I’m going to send this week’s article to my middle son Ben, a longtime Lego enthusiast. He’s just returned to Canada from a year working abroad. His job was so time – and attention-intensive, all the poor guy could do to unwind was invest in Lego sets that he obtained through retail therapy (he frequented Amazon.com). He would assemble them at the end of his trying days as a form of meditation, like raking the gravel in a Japanese garden. But to get them back here, he had to take them apart… So he may find the following adventure useful!
After a visit to Legoland in Denmark, where he witnessed patrons buying expensive sets, Jacques Mattheij had a brainwave. Lego has a high resale value, especially for some of the rarer sets and more complicated bricks. But a lot of it is resold in unsorted lots — at a much cheaper price that corresponds with how much of a pain in the neck it is to organize the bricks into something useful.
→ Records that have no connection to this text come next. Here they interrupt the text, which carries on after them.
lemma ipow_numeral [simp]: "ipow q qi (numeral k) = q ^ numeral k"
  by (simp add: ipow_def)

lemma commute_inverse:
  fixes x q qi :: "'a::monoid_mult"
  assumes "x * q = q * x" "q * qi = 1" "qi * q = 1"
  shows "x * qi = qi * x"
proof -
  have "x * qi = (qi * q) * x * qi" by (simp add: assms(3))
  also have "\<dots> = qi * (x * q) * qi" by (simp add: assms(1) mult.assoc)
  also have "\<dots> = qi * x" by (simp add: assms(2) mult.assoc)
  finally show ?thesis .
qed

context
  fixes q qi :: "'a::monoid_mult"
  assumes q_qi: "q * qi = 1" and qi_q: "qi * q = 1"
begin

lemma ipow_succ: "ipow q qi (n + 1) = ipow q qi n * q"
proof (cases "0 \<le> n")
  case True
  then have "nat (n + 1) = Suc (nat n)" by simp
  with True show ?thesis by (simp add: ipow_def power_Suc2 del: power_Suc)
next
  case False
  then have "nat (- n) = Suc (nat (- (n + 1)))" by simp
  with False qi_q show ?thesis
    by (auto simp add: ipow_def power_Suc2 mult.assoc simp del: power_Suc)
qed

lemma ipow_pred: "ipow q qi (n - 1) = ipow q qi n * qi"
  using ipow_succ[of "n - 1"] q_qi by (simp add: mult.assoc)

lemma ipow_add: "ipow q qi (m + n) = ipow q qi m * ipow q qi n"
proof (induction n rule: int_induct[where k = 0])
  case (step1 i)
  then show ?case using ipow_succ[of "m + i"] ipow_succ[of i] by (simp add: add.assoc mult.assoc)
next
  case (step2 i)
  then show ?case using ipow_pred[of "m + i"] ipow_pred[of i] by (simp add: add_diff_eq mult.assoc)
qed (simp add: ipow_def)

lemma ipow_commute:
  assumes "x * q = q * x"
  shows "x * ipow q qi n = ipow q qi n * x"
proof -
  have "x * qi = qi * x" by (rule commute_inverse[OF assms q_qi qi_q])
  with assms show ?thesis
    by (simp add: ipow_def power_commuting_commutes)
qed

end

section \<open>Modules over a ring of central scalars\<close>

definition submodule :: "'a::ring_1 set \<Rightarrow> 'a set \<Rightarrow> bool" where
  "submodule R M \<longleftrightarrow> 0 \<in> M \<and> (\<forall>u\<in>M. \<forall>v\<in>M. u + v \<in> M) \<and> (\<forall>r\<in>R. \<forall>u\<in>M. r * u \<in> M)"

lemma submodule_zero: "submodule R M \<Longrightarrow> 0 \<in> M"
  and submodule_add: "submodule R M \<Longrightarrow> u \<in> M \<Longrightarrow> v \<in> M \<Longrightarrow> u + v \<in> M"
  and submodule_smult: "submodule R M \<Longrightarrow> r \<in> R \<Longrightarrow> u \<in> M \<Longrightarrow> r * u \<in> M"
  by (simp_all add: submodule_def)

lemma lspan_zero: "0 \<in> lspan R X"
  unfolding lspan_def by (rule CollectI, rule exI[of _ 0]) simp

lemma lspan_insert:
  assumes "v \<in> lspan R X" "r \<in> R" "x \<in> X"
  shows "r * x + v \<in> lspan R X"
proof -
  obtain n :: nat and rs xs where v: "v = (\<Sum>i<n. rs i * xs i)" and h: "\<forall>i<n. rs i \<in> R \<and> xs i \<in> X"
    using assms(1) unfolding lspan_def by blast
  have "r * x + v = (\<Sum>i<Suc n. (rs(n := r)) i * (xs(n := x)) i)"
    by (simp add: v add.commute)
  moreover have "\<forall>i<Suc n. (rs(n := r)) i \<in> R \<and> (xs(n := x)) i \<in> X"
    using h assms by (auto simp: less_Suc_eq)
  ultimately show ?thesis unfolding lspan_def by blast
qed

lemma lspan_induct [consumes 1, case_names zero insert]:
  assumes "u \<in> lspan R X" and zero: "P 0"
    and insert: "\<And>r x v. r \<in> R \<Longrightarrow> x \<in> X \<Longrightarrow> P v \<Longrightarrow> P (r * x + v)"
  shows "P u"
proof -
  obtain n :: nat and rs xs where u: "u = (\<Sum>i<n. rs i * xs i)" and h: "\<forall>i<n. rs i \<in> R \<and> xs i \<in> X"
    using assms(1) unfolding lspan_def by blast
  have "P (\<Sum>i<m. rs i * xs i)" if "m \<le> n" for m
    using that
  proof (induction m)
    case (Suc m)
    then have "P (rs m * xs m + (\<Sum>i<m. rs i * xs i))" using h by (intro insert) auto
    then show ?case by (simp add: add.commute)
  qed (simp add: zero)
  then show ?thesis using u by blast
qed

lemma msumI:
  fixes A B :: "'a::ring_1 set"
  shows "u \<in> A \<Longrightarrow> v \<in> B \<Longrightarrow> u + v \<in> A \<oplus>\<^sub>m B"
  unfolding msum_def by blast

lemma msum_memI1:
  fixes A B :: "'a::ring_1 set"
  shows "0 \<in> B \<Longrightarrow> u \<in> A \<Longrightarrow> u \<in> A \<oplus>\<^sub>m B"
  using msumI[of u A 0 B] by simp

lemma msum_memI2:
  fixes A B :: "'a::ring_1 set"
  shows "0 \<in> A \<Longrightarrow> u \<in> B \<Longrightarrow> u \<in> A \<oplus>\<^sub>m B"
  using msumI[of 0 A u B] by simp

lemma zero_msum:
  fixes A B :: "'a::ring_1 set"
  shows "0 \<in> A \<Longrightarrow> 0 \<in> B \<Longrightarrow> 0 \<in> A \<oplus>\<^sub>m B"
  using msumI[of 0 A 0 B] by simp

lemma msum6_memI:
  fixes A1 A2 A3 A4 A5 A6 :: "'a::ring_1 set"
  assumes "0 \<in> A1" "0 \<in> A2" "0 \<in> A3" "0 \<in> A4" "0 \<in> A5" "0 \<in> A6"
    and "x \<in> A1 \<or> x \<in> A2 \<or> x \<in> A3 \<or> x \<in> A4 \<or> x \<in> A5 \<or> x \<in> A6"
  shows "x \<in> A1 \<oplus>\<^sub>m A2 \<oplus>\<^sub>m A3 \<oplus>\<^sub>m A4 \<oplus>\<^sub>m A5 \<oplus>\<^sub>m A6"
  using assms by (meson msum_memI1 msum_memI2 zero_msum)

lemma msum_least: "submodule R M \<Longrightarrow> A \<subseteq> M \<Longrightarrow> B \<subseteq> M \<Longrightarrow> A \<oplus>\<^sub>m B \<subseteq> M"
  unfolding msum_def by (auto intro: submodule_add)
Mattheij wanted to build an AI that would do that for him, and by golly, he did. His sorting machine started processing the two metric tonnes (!) of Lego he bought off eBay by feeding it onto a conveyor belt through a hopper. This separated the bricks, and allowed the magnifying imaging camera to snap a pic and check the image against examples stored on a PC.
Once Mattheij worked the kinks out of the imaging and checking process, he had to teach his AI how to classify each brick. This was exceptionally difficult — at one point, Mattheij estimated that hand-labeling enough images for his AI to learn from would take six monthsof full time attention. After a bit of thought, Mattheij devised a work around; manually correcting only the images that the AI got wrong, and returning them to the learning pool.
“The first day I managed to label a starter set of about 500 assorted scanned pieces. Using those parts to train the net, the next day the machine sorted 2,000 more parts. About half of those were wrongly labeled, which I corrected. The resulting 2,500 parts were the basis for the next round of training. Another 4,000 parts went through the machine, 90 percent of which were labeled correctly! So, I had to correct only some 400 parts. By the end of two weeks I had a training data set of 20,000 correctly labeled images.
Mattheij reports that his Lego sorting machine just needs to learn a few more of the rarer pieces, and it’ll soon making a dent in the boxes of bricks that have filled his garage. Then, he can sell the sorted bricks for almost four times what he paid for them! Lego really brings out the ingenuity in its users — have fun, Ben!